A Westridge grandmother attended cancer support group meetings to do line dancing and meet friends.
Jean Smith, 72, who lives at Yvonne Parfitt Retirement Village, was in Johannesburg, visiting her brother who was diagnosed with stage four cancer almost six years ago, when her niece, who is a doctor, convinced her and her sister-in-law to go for mammograms, an X-ray of the breasts.
Her sister-in-law had fallen and hurt her breast, which she had complained about.
“I wasn’t in any pain and I didn’t feel any lumps, although years ago they found lumps but they were benign,” she said.
Her maternal aunt, who had had breast cancer, died 12 years ago after a double mastectomy, the surgical removal of one or both breasts. Ms Smith also lost a paternal uncle to cancer of the liver, when she was a teenager.
“It didn’t hit me immediately.
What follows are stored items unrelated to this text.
theorem proposition13:
  fixes Phi Psi :: "complex mat" and N M k :: nat and K :: "nat set" and F :: "complex set"
  assumes field: "F = \<real> \<or> F = UNIV"
    and entries_Phi: "\<forall>i<N. \<forall>j<M. Phi $$ (i, j) \<in> F"
    and entries_Psi: "\<forall>i<M - N. \<forall>j<M. Psi $$ (i, j) \<in> F"
    and MN: "M > N"
    and Phi_dim: "Phi \<in> carrier_mat N M"
    and Psi_dim: "Psi \<in> carrier_mat (M - N) M"
    and parseval: "Phi * mat_adjoint Phi = 1\<^sub>m N"
    and naimark: "mat_adjoint Psi * Psi = 1\<^sub>m M - mat_adjoint Phi * Phi"
    and K: "K \<subseteq> {0..<M}" and cardK: "card K = k" and kN: "k \<le> N"
  shows "(k \<le> M - N \<longrightarrow>
            (\<forall>i\<in>{1..M - N - k}. sigma (col_submat Psi ({0..<M} - K)) i = 1) \<and>
            (\<forall>j\<in>{1..k}. sigma (col_submat Psi ({0..<M} - K)) (M - N - k + j)
                            = sigma (col_submat Phi K) j))
       \<and> (k > M - N \<longrightarrow>
            (\<forall>i\<in>{1..k - (M - N)}. sigma (col_submat Phi K) i = 1) \<and>
            (\<forall>i\<in>{1..M - N}. sigma (col_submat Psi ({0..<M} - K)) i
                            = sigma (col_submat Phi K) (i + k - (M - N))))"
proof -
  define d where "d = M - N"
  define A where "A = col_submat Psi ({0..<M} - K)"
  define B where "B = col_submat Phi K"
  define S where "S = replicate d 1 @ singular_values B"
  have padded: "replicate k 1 @ singular_values A = S"
    using singular_values_naimark_complement_col_submat[OF Phi_dim Psi_dim _ parseval naimark K] MN kN
    by (simp add: A_def B_def S_def d_def cardK)
  have sigma_A: "sigma A i = S ! (k + i - 1)" if "1 \<le> i" for i
    using that by (simp add: sigma_def padded[symmetric] nth_append)
  have sigma_B: "sigma B j = S ! (d + j - 1)" if "1 \<le> j" for j
    using that by (simp add: sigma_def S_def nth_append)
  have ones_d: "S ! t = 1" if "t < d" for t
    using that by (simp add: S_def nth_append)
  have ones_k: "S ! t = 1" if "t < k" for t
    using that by (simp add: padded[symmetric] nth_append)
  show ?thesis
    unfolding d_def[symmetric] A_def[symmetric] B_def[symmetric]
    by (auto simp: sigma_A sigma_B ones_d ones_k intro!: arg_cong[where f = "(!) S"])
qed

end
lemma pder_line_has_derivative:
  assumes sm: "smooth_on_set f U" and inU: "x + t0 *\<^sub>R axis i 1 \<in> U"
  shows "((\<lambda>t. pder is f (x + t *\<^sub>R axis i 1)) has_real_derivative
            pd (pder is f) i (x + t0 *\<^sub>R axis i 1)) (at t0)"
proof -
  define g where "g = (\<lambda>t. pder is f (x + t *\<^sub>R axis i 1))"
  have "(\<lambda>u. pder is f ((x + t0 *\<^sub>R axis i 1) + u *\<^sub>R axis i 1)) = (\<lambda>u. g (u + t0))"
    by (simp add: g_def algebra_simps scaleR_add_left)
  then have "((\<lambda>u. g (u + t0)) has_real_derivative pd (pder is f) i (x + t0 *\<^sub>R axis i 1)) (at 0)"
    using pder_line_has_derivative_0[OF sm inU, of "is" i] by simp
  then have "(g has_real_derivative pd (pder is f) i (x + t0 *\<^sub>R axis i 1)) (at (0 + t0))"
    using DERIV_shift by blast
  then show ?thesis by (simp add: g_def)
qed

lemma second_difference_mean_value:
  fixes f :: "real^'n \<Rightarrow> real"
  assumes sm: "smooth_on_set f U" and h: "0 < h"
    and box: "\<And>s t. 0 \<le> s \<Longrightarrow> s \<le> h \<Longrightarrow> 0 \<le> t \<Longrightarrow> t \<le> h \<Longrightarrow>
                 x + s *\<^sub>R axis c 1 + t *\<^sub>R axis d 1 \<in> U"
  shows "\<exists>\<xi> \<eta>. 0 < \<xi> \<and> \<xi> < h \<and> 0 < \<eta> \<and> \<eta> < h \<and>
     f (x + h *\<^sub>R axis c 1 + h *\<^sub>R axis d 1) - f (x + h *\<^sub>R axis c 1) - f (x + h *\<^sub>R axis d 1) + f x
       = h * h * pd (pd f c) d (x + \<xi> *\<^sub>R axis c 1 + \<eta> *\<^sub>R axis d 1)"
proof -
  define \<phi> where "\<phi> = (\<lambda>s. f (x + h *\<^sub>R axis d 1 + s *\<^sub>R axis c 1) - f (x + s *\<^sub>R axis c 1))"
  have d\<phi>: "DERIV \<phi> s :> pd f c (x + h *\<^sub>R axis d 1 + s *\<^sub>R axis c 1) - pd f c (x + s *\<^sub>R axis c 1)"
    if "0 \<le> s" "s \<le> h" for s
  proof -
    have far: "((\<lambda>t. pder [] f ((x + h *\<^sub>R axis d 1) + t *\<^sub>R axis c 1)) has_real_derivative
               pd (pder [] f) c ((x + h *\<^sub>R axis d 1) + s *\<^sub>R axis c 1)) (at s)"
      by (rule pder_line_has_derivative[OF sm]) (use box[of s h] that h in \<open>simp add: algebra_simps\<close>)
    have near: "((\<lambda>t. pder [] f (x + t *\<^sub>R axis c 1)) has_real_derivative
               pd (pder [] f) c (x + s *\<^sub>R axis c 1)) (at s)"
      by (rule pder_line_has_derivative[OF sm]) (use box[of s 0] that h in \<open>simp add: algebra_simps\<close>)
    show ?thesis using DERIV_diff[OF far near] by (simp add: \<phi>_def)
  qed
  obtain \<xi> where \<xi>: "0 < \<xi>" "\<xi> < h"
    "\<phi> h - \<phi> 0 = (h - 0) * (pd f c (x + h *\<^sub>R axis d 1 + \<xi> *\<^sub>R axis c 1) - pd f c (x + \<xi> *\<^sub>R axis c 1))"
    using MVT2[OF h d\<phi>] by blast
  define \<psi> where "\<psi> = (\<lambda>t. pd f c (x + \<xi> *\<^sub>R axis c 1 + t *\<^sub>R axis d 1))"
  have d\<psi>: "DERIV \<psi> t :> pd (pd f c) d (x + \<xi> *\<^sub>R axis c 1 + t *\<^sub>R axis d 1)"
    if "0 \<le> t" "t \<le> h" for t
  proof -
    have "((\<lambda>u. pder [c] f ((x + \<xi> *\<^sub>R axis c 1) + u *\<^sub>R axis d 1)) has_real_derivative
               pd (pder [c] f) d ((x + \<xi> *\<^sub>R axis c 1) + t *\<^sub>R axis d 1)) (at t)"
      by (rule pder_line_has_derivative[OF sm]) (use box[of \<xi> t] that \<xi> in \<open>simp add: algebra_simps\<close>)
    then show ?thesis by (simp add: \<psi>_def)
  qed
  obtain \<eta> where \<eta>: "0 < \<eta>" "\<eta> < h"
    "\<psi> h - \<psi> 0 = (h - 0) * pd (pd f c) d (x + \<xi> *\<^sub>R axis c 1 + \<eta> *\<^sub>R axis d 1)"
    using MVT2[OF h d\<psi>] by blast
  have "f (x + h *\<^sub>R axis c 1 + h *\<^sub>R axis d 1) - f (x + h *\<^sub>R axis c 1) - f (x + h *\<^sub>R axis d 1) + f x
      = \<phi> h - \<phi> 0"
    by (simp add: \<phi>_def add_ac)
  also have "\<dots> = h * (\<psi> h - \<psi> 0)" using \<xi>(3) by (simp add: \<psi>_def add_ac)
  also have "\<dots> = h * h * pd (pd f c) d (x + \<xi> *\<^sub>R axis c 1 + \<eta> *\<^sub>R axis d 1)" using \<eta>(3) by simp
  finally show ?thesis using \<xi> \<eta> by blast
qed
I just thought: ‘Oh well, it is just a lump’. After they told me I joked with my brother they could buy me wigs for Christmas,” she said.
On Monday August 28 a biopsy – during which a doctor cuts out some of the tissue – was done and two weeks later, a diagnosis of breast cancer was confirmed.
She was given referral letters to attend LE 33 at Groote Schuur Hospital for further treatment, where it was decided that the lump in her right breast should be removed next month.
Speaking to the Plainsman at a weekly Cansa Westridge support group meeting on Wednesday October 18, Ms Smith said having been with the group before diagnosis had been a great encouragement to her.
“I’m just starting my journey. A lot of it is unknown to me and my family. It is difficult to say how I am going to cope,” she said.